Thank you and sorry for late reply.
Yes, that's what it means. The sharp field of view of human vision is only 0.5 to 1 degree wide depending how strictly you define sharpness. This means, in your typical binoculars with 60-degree apparent field of view, only 1/3600 of the visible area is seen sharply at any given time!! The entire field of view is perceived via a series of scans whose exact order we don't remember consciously. The Russian scientist
Alfred Yarbus has made numerous studies of human eye movements when examining a scene.

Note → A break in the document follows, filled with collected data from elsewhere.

(* In the network described in the context with homogeneous all-to-all coupling $\varepsilon_{ij}=(1-\delta_{ij})\varepsilon$, $\varepsilon>0$, $(N-1)\varepsilon<1$, a neuronal partial reset function $R$ and a strictly convex rise function $U$ ($U''>0$), the asynchronous periodic (splay) state exists and is linearly stable.
   Context: Model: $N$ units with phases $\phi_i$. A rise function is a smooth $U:[0,\infty)\to[0,\infty)$ with $U'>0$, $U(0)=0$, $U(1)=1$. A partial reset function is a monotonically increasing $R:\mathbb{R}\to\mathbb{R}$ with $R(0)=0$; neuronal if $0\le R(\zeta)\le\zeta$ for $\zeta\ge0$. $H_\varepsilon(\phi)=U^{-1}(U(\phi)+\varepsilon)$, $J_\varepsilon(\phi)=U^{-1}(R(U(\phi)+\varepsilon-1))$. Dynamics: $\varepsilon_{ij}$ is the pulse strength from unit $j$ to unit $i$. Between events phases increase at unit rate. When at time $t$ the set $\Theta^{(0)}=\{j:\phi_j(t^-)=1\}$ is nonempty an avalanche occurs: with $u_i^{(0)}=U(\phi_i(t^-))$, $u_i^{(k+1)}=u_i^{(k)}+\sum_{j\in\Theta^{(k)}}\varepsilon_{ij}$, $\Theta^{(k+1)}=\{i:u_i^{(k)}<1\le u_i^{(k+1)}\}$ until empty, $\Theta=\bigcup_k\Theta^{(k)}$; then $\phi_i(t^+)=H_{\sum_{j\in\Theta}\varepsilon_{ij}}(\phi_i(t^-))$ for $i\notin\Theta$ and $\phi_i(t^+)=J_{\sum_{j\in\Theta}\varepsilon_{ij}}(\phi_i(t^-))$ for $i\in\Theta$. The return map sends the state just before a fixed reference unit fires to the state just before it fires next. An asynchronous periodic (splay) state is a state invariant under the return map in which every avalanche has size $1$. Linear stability means that, to first order, small phase perturbations tend to zero under iteration of the return map. *)

theory Defs
  imports "HOL-Analysis.Analysis"
begin
lemma interleave_same_page_imp_same_blocks:
  assumes "k > 0" "i < N" "j < N" "i' < N" "j' < N"
    and "page k {Inl i, Inr j} = page k {Inl i', Inr j'}"
    and "interleave (spine_pos k N) {Inl i, Inr j} {Inl i', Inr j'}"
  shows "i mod k = i' mod k \<and> j mod k = j' mod k \<and> i < i' \<and> j < j'"
proof -
  obtain a b c d where ab: "{Inl i, Inr j} = {a, b}" and cd: "{Inl i', Inr j'} = {c, d}"
    and pos: "spine_pos k N a < spine_pos k N c" "spine_pos k N c < spine_pos k N b"
      "spine_pos k N b < spine_pos k N d"
    using assms(7) unfolding interleave_def by blast
  have "vertex_index x < N" if "x \<in> {a, b} \<union> {c, d}" for x
  proof -
    from that have "x \<in> {Inl i, Inr j, Inl i', Inr j'}"
      unfolding ab[symmetric] cd[symmetric] by blast
    with assms(2-5) show ?thesis by auto
  qed
  then have keys: "spine_key k a < spine_key k c" "spine_key k c < spine_key k b"
      "spine_key k b < spine_key k d"
    using pos by (simp_all add: spine_pos_less_iff)
  have "spine_key k ` {Inl i, Inr j} = {spine_key k a, spine_key k b}"
       "spine_key k ` {Inl i', Inr j'} = {spine_key k c, spine_key k d}"
    using ab cd by simp_all
  then have blocks: "{(2 * (i mod k), i), (2 * (j mod k) + 1, j)} = {spine_key k a, spine_key k b}"
      "{(2 * (i' mod k), i'), (2 * (j' mod k) + 1, j')} = {spine_key k c, spine_key k d}"
    by (simp_all add: spine_key_def)
  have "(i mod k + j mod k) mod k = (i' mod k + j' mod k) mod k"
    using assms(6) by (simp add: page_def mod_add_eq)
  then have "i mod k + j mod k = i' mod k + j' mod k
      \<or> i mod k + j mod k = i' mod k + j' mod k + k
      \<or> i' mod k + j' mod k = i mod k + j mod k + k"
    using \<open>k > 0\<close> by (intro mod_add_eq_cases) simp_all
  from interleaving_keys_same_blocks[OF _ _ _ _ this blocks keys] show ?thesis
    using \<open>k > 0\<close> by simp
qed
theorem mainTheorem8:
  fixes P :: "'a set" and R :: "'a rel" and l r :: "'a \<Rightarrow> real"
  assumes fin: "finite P"
    and po: "partial_order_on P R"
    and rep: "\<forall>x\<in>P. \<forall>y\<in>P. x \<noteq> y \<longrightarrow> ((x, y) \<in> R \<longleftrightarrow> r x < l y)"
    and len: "\<forall>x\<in>P. r x - l x = 0 \<or> r x - l x = 1"
    and inj: "inj_on (\<lambda>x. (l x, r x)) P"
  defines "Q \<equiv> {x \<in> P. r x - l x = 1}"
    and "Z \<equiv> {x \<in> P. r x - l x = 0}"
  defines "t \<equiv> num_layers R Q"
    and "A \<equiv> layer R Q"
  defines "p \<equiv> (\<lambda>i. Min (r ` A i))"
  defines "D \<equiv> (\<lambda>i. if i = 0 then {x \<in> Z. l x \<le> p 1}
                     else if i < t then {x \<in> Z. p i < l x \<and> l x \<le> p (i + 1)}
                     else {x \<in> Z. p t < l x})"
  shows "(\<forall>i. 1 \<le> i \<and> i \<le> t \<longrightarrow> (\<forall>x\<in>Q. x \<in> A i \<longleftrightarrow> l x \<le> p i \<and> p i \<le> r x))
       \<and> (\<forall>i. i + 2 \<le> t \<longrightarrow> (\<forall>x\<in>D i. \<forall>y\<in>A (i + 2). x \<noteq> y \<and> (x, y) \<in> R))
       \<and> (\<forall>i. 2 \<le> i \<and> i \<le> t \<longrightarrow> (\<forall>x\<in>A (i - 1). \<forall>y\<in>D i. x \<noteq> y \<and> (x, y) \<in> R))
       \<and> (\<forall>i j. 1 \<le> i \<and> i + 2 \<le> j \<and> j \<le> t \<longrightarrow> (\<forall>x\<in>A i. \<forall>y\<in>A j. x \<noteq> y \<and> (x, y) \<in> R))"
proof -
  have QP: "Q \<subseteq> P"
    by (auto simp: Q_def)
  interpret unit_interval_order Q R l r
    unfolding Q_def using fin rep by (rule unit_interval_order_unit_intervals)
  have p: "p = layer_point"
    by (simp add: fun_eq_iff p_def A_def layer_point_def)
  have related: "x \<noteq> y \<and> (x, y) \<in> R" if "x \<in> P" "y \<in> P" "r x < l y" for x y
    using related_if_right_less_left[OF rep that(1,2) _ that(3)] len that(2) by force
  have A_P: "A i \<subseteq> P" for i
    using layer_subset[of R Q i] QP unfolding A_def by blast
  have D_P: "D i \<subseteq> P" and D_point: "x \<in> D i \<Longrightarrow> r x = l x" for i x
    by (auto simp: D_def Z_def split: if_splits)
  have a: "\<forall>i. 1 \<le> i \<and> i \<le> t \<longrightarrow> (\<forall>x\<in>Q. x \<in> A i \<longleftrightarrow> l x \<le> p i \<and> p i \<le> r x)"
    using mem_layer_iff by (simp add: p A_def t_def)
  have b: "x \<noteq> y \<and> (x, y) \<in> R" if "i + 2 \<le> t" "x \<in> D i" "y \<in> A (i + 2)" for i x y
  proof (rule related)
    have "r x \<le> p (i + 1)"
      using that D_point[of x i] by (auto simp: D_def split: if_splits)
    also have "p (i + 1) < l y"
      using that unfolding p A_def t_def by (intro layer_point_less_left) auto
    finally show "r x < l y" .
  qed (use that A_P D_P in blast)+
  have c: "x \<noteq> y \<and> (x, y) \<in> R" if "2 \<le> i" "i \<le> t" "x \<in> A (i - 1)" "y \<in> D i" for i x y
  proof (rule related)
    have "r x < p (Suc (i - 1))"
      using that unfolding p A_def t_def by (intro layer_right_less_next_point) auto
    also have "p (Suc (i - 1)) < l y"
      using that by (auto simp: D_def split: if_splits)
    finally show "r x < l y" .
  qed (use that A_P D_P in blast)+
  have d: "x \<noteq> y \<and> (x, y) \<in> R"
    if "1 \<le> i" "i + 2 \<le> j" "j \<le> t" "x \<in> A i" "y \<in> A j" for i j x y
  proof (rule related)
    show "r x < l y"
      using that unfolding A_def t_def by (rule layer_right_less_left)
  qed (use that A_P in blast)+
  show ?thesis
    using a b c d by blast
qed

end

The "unsharp" part of human's field of view is used for proprioception (figuring out where we are in the world) and detection of movement (both self-movement and movement of other objects).
A most astonishing fact: In humans and other primates, the visual information is branched into 6 parallel pathways after going through the Lateral Geniculate Nucleus (LGN). Four of these pathways carry color information while the other two carry only luminance information.
Perspective,
stereoscopic vision,
form and
movement are processed by the pathway which is not color selective!
One part of the brain works only in black-and-white and creates line-drawings of the visual world. Another part of the brain paints these line drawings
if time permits!
See Margaret Livingstone and David Hubel,
Segregation of Form, Color, Movement, and Depth: Anatomy, Physiology, and Perception, Science, Vol. 240, May 1988 (Dr. Hubel won the Nobel Prize for his work on eye physiology in 1981. He has passed away. His student, Dr. Livingstone, deserve to win one as well.)